> **Exercise**
Every line that contains the word "which" is to be copied from the listing.

> **Provided entries**
(* For any positive integer $k$, as formal power series in $q$, $$\sum_{n=0}^{\infty}D_k(n)q^n=\sum_{n=0}^{\infty}q^{nk}(-q^{n+1};q)_\infty=2(-q;q)_\infty\sum_{j=0}^{k-1}(-1)^j(q^{k-j};q)_j+(-1)^k(q;q)_{k-1}.$$
   Context: $D_k(n)$ is the number of partitions of $n$ into non-negative parts (the part $0$ is allowed) in which the smallest part appears exactly $k$ times and no other part is repeated, with the convention $D_k(0)=1$. For $N\ge1$, $(a;q)_N=\prod_{i=0}^{N-1}(1-aq^i)$; also $(a;q)_0=1$ and $(a;q)_\infty=\lim_{N\to\infty}(a;q)_N$. *)

theory Defs
  imports "HOL-Computational_Algebra.Formal_Power_Series" "HOL-Library.Multiset"
begin

(* A partition of n into non-negative parts (0 allowed) is a multiset of naturals
   with sum n. *)
definition D :: "nat \<Rightarrow> nat \<Rightarrow> nat" where
  "D k n = (if n = 0 then 1 else
     card {M :: nat multiset. M \<noteq> {#} \<and> sum_mset M = n \<and>
             count M (Min (set_mset M)) = k \<and>
             (\<forall>x \<in> set_mset M. x \<noteq> Min (set_mset M) \<longrightarrow> count M x = 1)})"

definition Dgf :: "nat \<Rightarrow> int fps" where
  "Dgf k = Abs_fps (\<lambda>n. int (D k n))"

definition qpoch :: "int fps \<Rightarrow> int fps \<Rightarrow> nat \<Rightarrow> int fps" where
  "qpoch a q N = (\<Prod>i<N. 1 - a * q ^ i)"

(* infinite q-Pochhammer symbol: limit in the fps (X-adic) metric *)
definition qpoch_inf :: "int fps \<Rightarrow> int fps \<Rightarrow> int fps" where
  "qpoch_inf a q = lim (\<lambda>N. qpoch a q N)"

end

theory Submission imports Defs begin

(* Removing the k copies of the smallest part m from a partition counted by D_k(n) leaves a
   partition of n - km into distinct parts > m, and such partitions are counted by the
   coefficients of P_m = (-q^(m+1);q)_\<infinity>; this gives the series F_k = \<Sum>_m q^(mk) P_m.
   Since P_m = (1 + q^(m+1)) P_(m+1), shifting the summation index gives
   q^k F_k = (F_k - P_0) + (F_(k+1) - P_0), and telescoping gives F_1 = 2 P_0 - 1.
   The closed form follows by induction on k, because its alternating sum C_k satisfies
   C_(k+1) = 1 - (1 - q^k) C_k. *)

unbundle fps_syntax

(* Formal_Power_Series provides the X-adic metric on fps but not the topological algebra
   classes; these instances make the generic rules (tendsto_mult, sums_add, sums_Suc, ...)
   applicable to power series. *)

instance fps :: (ab_group_add) topological_ab_group_add
proof
  fix a b :: "'a fps"
  show "((\<lambda>x. fst x + snd x) \<longlongrightarrow> a + b) (nhds a \<times>\<^sub>F nhds b)"
  proof (rule tendsto_fpsI)
    fix n
    have "\<forall>\<^sub>F x in nhds a \<times>\<^sub>F nhds b. fst x $ n = a $ n \<and> snd x $ n = b $ n"
      by (intro eventually_prodI eventually_fps_nth_eq_nhds_fps)
    then show "\<forall>\<^sub>F x in nhds a \<times>\<^sub>F nhds b. (fst x + snd x) $ n = (a + b) $ n"
      by eventually_elim simp
  qed
  show "(uminus \<longlongrightarrow> - a) (nhds a)"
    by (rule tendsto_fpsI) (use eventually_fps_nth_eq_nhds_fps in \<open>auto elim: eventually_mono\<close>)
qed

instance fps :: (ring) topological_semigroup_mult
proof
  fix a b :: "'a fps"
  show "((\<lambda>x. fst x * snd x) \<longlongrightarrow> a * b) (nhds a \<times>\<^sub>F nhds b)"
  proof (rule tendsto_fpsI)
    fix n
    have "\<forall>\<^sub>F x in nhds a \<times>\<^sub>F nhds b. (\<forall>i\<le>n. fst x $ i = a $ i) \<and> (\<forall>i\<le>n. snd x $ i = b $ i)"
      by (intro eventually_prodI eventually_fps_nth_eq_nhds_fps_strong)
    then show "\<forall>\<^sub>F x in nhds a \<times>\<^sub>F nhds b. (fst x * snd x) $ n = (a * b) $ n"
      by eventually_elim (simp add: fps_mult_nth)
  qed
qed

lemma sums_mult_left:
  fixes f :: "nat \<Rightarrow> 'a::{topological_semigroup_mult, semiring_0}"
  shows "f sums a \<Longrightarrow> (\<lambda>n. c * f n) sums (c * a)"
  unfolding sums_def sum_distrib_left[symmetric] by (rule tendsto_mult_left)

lemma subsets_with_sum_insert:
  assumes "finite A" "a \<notin> A"
  shows "{S. S \<subseteq> insert a A \<and> \<Sum>S = n} =
    {S. S \<subseteq> A \<and> \<Sum>S = n} \<union> insert a ` {S. S \<subseteq> A \<and> a + \<Sum>S = (n::nat)}"
proof -
  have sum_insert: "\<Sum>(insert a S) = a + \<Sum>S" if "S \<subseteq> A" for S
    using that assms by (meson finite_subset subsetD sum.insert)
  show ?thesis
  proof (intro equalityI subsetI)
    fix S assume S: "S \<in> {S. S \<subseteq> insert a A \<and> \<Sum>S = n}"
    show "S \<in> {S. S \<subseteq> A \<and> \<Sum>S = n} \<union> insert a ` {S. S \<subseteq> A \<and> a + \<Sum>S = n}"
    proof (cases "a \<in> S")
      case True
      then have "S = insert a (S - {a})" "S - {a} \<subseteq> A"
        using S by auto
      then show ?thesis
        using S sum_insert[of "S - {a}"] by (metis (mono_tags, lifting) UnI2 imageI mem_Collect_eq)
    next
      case False
      then show ?thesis
        using S by auto
    qed
  qed (use sum_insert assms(2) in auto)
qed

lemma fps_nth_prod_one_plus_X_power:
  assumes "finite A"
  shows "(\<Prod>a\<in>A. 1 + fps_X ^ a :: 'a::comm_ring_1 fps) $ n = of_nat (card {S. S \<subseteq> A \<and> \<Sum>S = n})"
  using assms
proof (induction A arbitrary: n rule: finite_induct)
  case empty
  have "{S. S \<subseteq> {} \<and> \<Sum>S = n} = (if n = 0 then {{}} else {})"
    by auto
  then show ?case
    by simp
next
  case (insert a A)
  let ?subsets = "\<lambda>n. {S. S \<subseteq> A \<and> \<Sum>S = n}"
  have "{S. S \<subseteq> A \<and> a + \<Sum>S = n} = (if n < a then {} else ?subsets (n - a))"
    by auto
  then have split: "{S. S \<subseteq> insert a A \<and> \<Sum>S = n} =
      ?subsets n \<union> insert a ` (if n < a then {} else ?subsets (n - a))"
    using subsets_with_sum_insert[OF insert(1,2)] by simp
  have "inj_on (insert a) (?subsets m)" for m
    using insert(2) by (intro inj_onI) (metis Diff_insert_absorb mem_Collect_eq subsetD)
  moreover have "?subsets n \<inter> insert a ` ?subsets m = {}" for m
    using insert(2) by blast
  ultimately have "card {S. S \<subseteq> insert a A \<and> \<Sum>S = n} =
      card (?subsets n) + (if n < a then 0 else card (?subsets (n - a)))"
    unfolding split using insert(1) by (simp add: card_Un_disjoint card_image)
  moreover have "(\<Prod>a\<in>insert a A. 1 + fps_X ^ a :: 'a fps) =
      (\<Prod>a\<in>A. 1 + fps_X ^ a) + fps_X ^ a * (\<Prod>a\<in>A. 1 + fps_X ^ a)"
    using insert(1,2) by (simp add: distrib_right)
  ultimately show ?case
    using insert(3) by (simp add: fps_X_power_mult_nth)
qed
text \<open>The condition on M + a makes the window long enough for the ratios of consecutive
  coefficients, which drop by \<delta> per step, to become negative.\<close>

lemma window_parameters:
  fixes \<epsilon> \<eta> \<delta> :: real
  assumes "0 < \<epsilon>" "\<epsilon> < 1" "0 < \<eta>" "0 < \<delta>"
  obtains M d a L :: nat where "d \<le> M" "real d \<le> \<epsilon> * real M" "1 \<le> a" "a + L < d"
    "real M + real a < real (a + 1) * (real L * \<delta>)"
    "\<And>n. a < n \<Longrightarrow> n \<le> a + L \<Longrightarrow> \<bar>real n / real M - \<epsilon>\<bar> < \<eta>"
proof -
  obtain L :: nat where L: "(2 + 2 / \<epsilon>) / \<delta> \<le> real L" using real_arch_simple by blast
  obtain M :: nat where "max ((real L + 3) / \<eta>) ((2 * real L + 6) / \<epsilon>) < real M"
    using reals_Archimedean2 by blast
  then have "(real L + 3) / \<eta> < real M" "(2 * real L + 6) / \<epsilon> < real M" by simp_all
  then have M: "real L + 3 < \<eta> * real M" "2 * real L + 6 < \<epsilon> * real M"
    using assms(1,3) by (simp_all add: pos_divide_less_eq mult.commute)
  then have "0 < \<epsilon> * real M" by linarith
  then have "0 < real M" using assms(1) by (simp add: zero_less_mult_iff)
  define d where "d = nat \<lfloor>\<epsilon> * real M\<rfloor>"
  have d: "real d \<le> \<epsilon> * real M" "\<epsilon> * real M < real d + 1"
    using M(2) unfolding d_def by linarith+
  define a where "a = d - L - 1"
  have a: "real a + 1 = real d - real L" "1 \<le> a" "a + L < d"
    using d M(2) unfolding a_def by linarith+
  show ?thesis
  proof (rule that[OF _ d(1) a(2,3)])
    have "\<epsilon> * real M < real M" using assms(2) \<open>0 < real M\<close> by simp
    then show "d \<le> M" using d(1) by simp
    have "\<epsilon> * real M \<le> 2 * real a + 2" using a(1) d(2) M(2) by linarith
    then have "real M \<le> 2 / \<epsilon> * (real a + 1)" using assms(1) by (simp add: field_simps)
    then have "real M + real a < (2 + 2 / \<epsilon>) * (real a + 1)" by (simp add: algebra_simps)
    also have "\<dots> \<le> real L * \<delta> * (real a + 1)"
      using L assms(4) by (intro mult_right_mono) (simp_all add: field_simps)
    finally show "real M + real a < real (a + 1) * (real L * \<delta>)" by (simp add: algebra_simps)
  next
    fix n assume "a < n" "n \<le> a + L"
    then have "real a + 1 \<le> real n" "real n \<le> real a + real L" by simp_all
    then have "(\<epsilon> - \<eta>) * real M < real n" "real n < \<epsilon> * real M"
      using a(1) d M(1) by (simp_all add: algebra_simps)
    then show "\<bar>real n / real M - \<epsilon>\<bar> < \<eta>"
      using \<open>0 < real M\<close> by (simp add: abs_less_iff field_simps)
  qed
qed

section \<open>The counterexample\<close>

lemma abs_eig_le_hnorm:
  assumes "l \<in># eigs n d c e x"
  shows "\<bar>l\<bar> \<le> hnorm n d c e x"
proof -
  have "hnorm n d c e x = Max (abs ` set_mset (eigs n d c e x))"
    using assms by (auto simp: hnorm_def)
  moreover have "\<bar>l\<bar> \<le> Max (abs ` set_mset (eigs n d c e x))"
    using assms by (intro Max_ge) simp_all
  ultimately show ?thesis by simp
qed

lemma esym_coordinate_admissible:
  assumes "1 \<le> d" "d \<le> M" "real d \<le> \<epsilon> * real M" "i < M"
  shows "indicator {i} \<in> vecs M \<and>
    in_Lambda_plus M d (esym_coeffs M d) (indicator {..<M}) (indicator {i}) \<and>
    hrk M d (esym_coeffs M d) (indicator {..<M}) (indicator {i}) \<le> 1 \<and>
    htr M d (esym_coeffs M d) (indicator {..<M}) (indicator {i}) \<le> \<epsilon>"
proof (intro conjI)
  have eigs: "eigs M d (esym_coeffs M d) (indicator {..<M}) (indicator {i}) =
      add_mset (real d / real M) (replicate_mset (d - 1) 0)"
    using assms(4,1,2) by (rule eigs_esym_coordinate)
  show "indicator {i} \<in> vecs M" using assms(4) by (simp add: vecs_def)
  show "in_Lambda_plus M d (esym_coeffs M d) (indicator {..<M}) (indicator {i})"
    unfolding in_Lambda_plus_def eigs by simp
  have no_nonzero: "filter_mset (\<lambda>l. l \<noteq> 0) (replicate_mset n (0::real)) = {#}" for n
    by simp
  show "hrk M d (esym_coeffs M d) (indicator {..<M}) (indicator {i}) \<le> 1"
    unfolding hrk_def eigs by (simp add: no_nonzero)
  have "real d / real M \<le> \<epsilon>" using assms(3,4) by (simp add: divide_le_eq mult.commute)
  then show "htr M d (esym_coeffs M d) (indicator {..<M}) (indicator {i}) \<le> \<epsilon>"
    unfolding htr_def eigs by simp
qed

> **Solution**
   Context: $D_k(n)$ is the number of partitions of $n$ into non-negative parts (the part $0$ is allowed) in which the smallest part appears exactly $k$ times and no other part is repeated, with the convention $D_k(0)=1$. For $N\ge1$, $(a;q)_N=\prod_{i=0}^{N-1}(1-aq^i)$; also $(a;q)_0=1$ and $(a;q)_\infty=\lim_{N\to\infty}(a;q)_N$. *)
  coefficients, which drop by \<delta> per step, to become negative.\<close>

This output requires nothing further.